lemma card_edges_add_non_edges:
  assumes "E \<subseteq> possible_edges n"
  shows "card E + card (non_edges n E) = n choose 2"
proof -
  have "card (non_edges n E) = card (possible_edges n - E)"
    unfolding non_edges_def by (rule card_image, rule inj_on_subset[OF inj_on_possible_edges]) auto
  moreover have "card (possible_edges n) = n choose 2"
    using card_image[OF inj_on_possible_edges, of n] card_two_subsets[of "{1..n}"]
    by (simp add: image_possible_edges)
  moreover have "card E \<le> card (possible_edges n)"
    using assms finite_possible_edges by (rule card_mono[rotated])
  ultimately show ?thesis
    using assms finite_possible_edges by (simp add: card_Diff_subset finite_subset)
qed

lemma two_subsets_subset_non_edges:
  assumes "A \<subseteq> {1..n}" "independent E A"
  shows "two_subsets A \<subseteq> non_edges n E"
proof
  fix B assume "B \<in> two_subsets A"
  then obtain p q where "B = {p, q}" "p \<noteq> q" "p \<in> A" "q \<in> A"
    unfolding two_subsets_def by (auto simp: card_2_iff)
  moreover from this have "p \<in> {1..n}" "q \<in> {1..n}"
    using assms(1) by blast+
  ultimately show "B \<in> non_edges n E"
    using assms(2) doubleton_in_non_edges[of p n q E] by (auto simp: independent_def)
qed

> TASK
Reproduce the entries above in full, so that each one reads exactly as before.

> RESPONSE FOR THIS EXERCISE
lemma card_edges_add_non_edges:
  assumes "E \<subseteq> possible_edges n"
  shows "card E + card (non_edges n E) = n choose 2"
proof -
  have "card (non_edges n E) = card (possible_edges n - E)"
    unfolding non_edges_def by (rule card_image, rule inj_on_subset[OF inj_on_possible_edges]) auto
  moreover have "card (possible_edges n) = n choose 2"
    using card_image[OF inj_on_possible_edges, of n] card_two_subsets[of "{1..n}"]
    by (simp add: image_possible_edges)
  moreover have "card E \<le> card (possible_edges n)"
    using assms finite_possible_edges by (rule card_mono[rotated])
  ultimately show ?thesis
    using assms finite_possible_edges by (simp add: card_Diff_subset finite_subset)
qed

lemma two_subsets_subset_non_edges:
  assumes "A \<subseteq> {1..n}" "independent E A"
  shows "two_subsets A \<subseteq> non_edges n E"
proof
  fix B assume "B \<in> two_subsets A"
  then obtain p q where "B = {p, q}" "p \<noteq> q" "p \<in> A" "q \<in> A"
    unfolding two_subsets_def by (auto simp: card_2_iff)
  moreover from this have "p \<in> {1..n}" "q \<in> {1..n}"
    using assms(1) by blast+
  ultimately show "B \<in> non_edges n E"
    using assms(2) doubleton_in_non_edges[of p n q E] by (auto simp: independent_def)
qed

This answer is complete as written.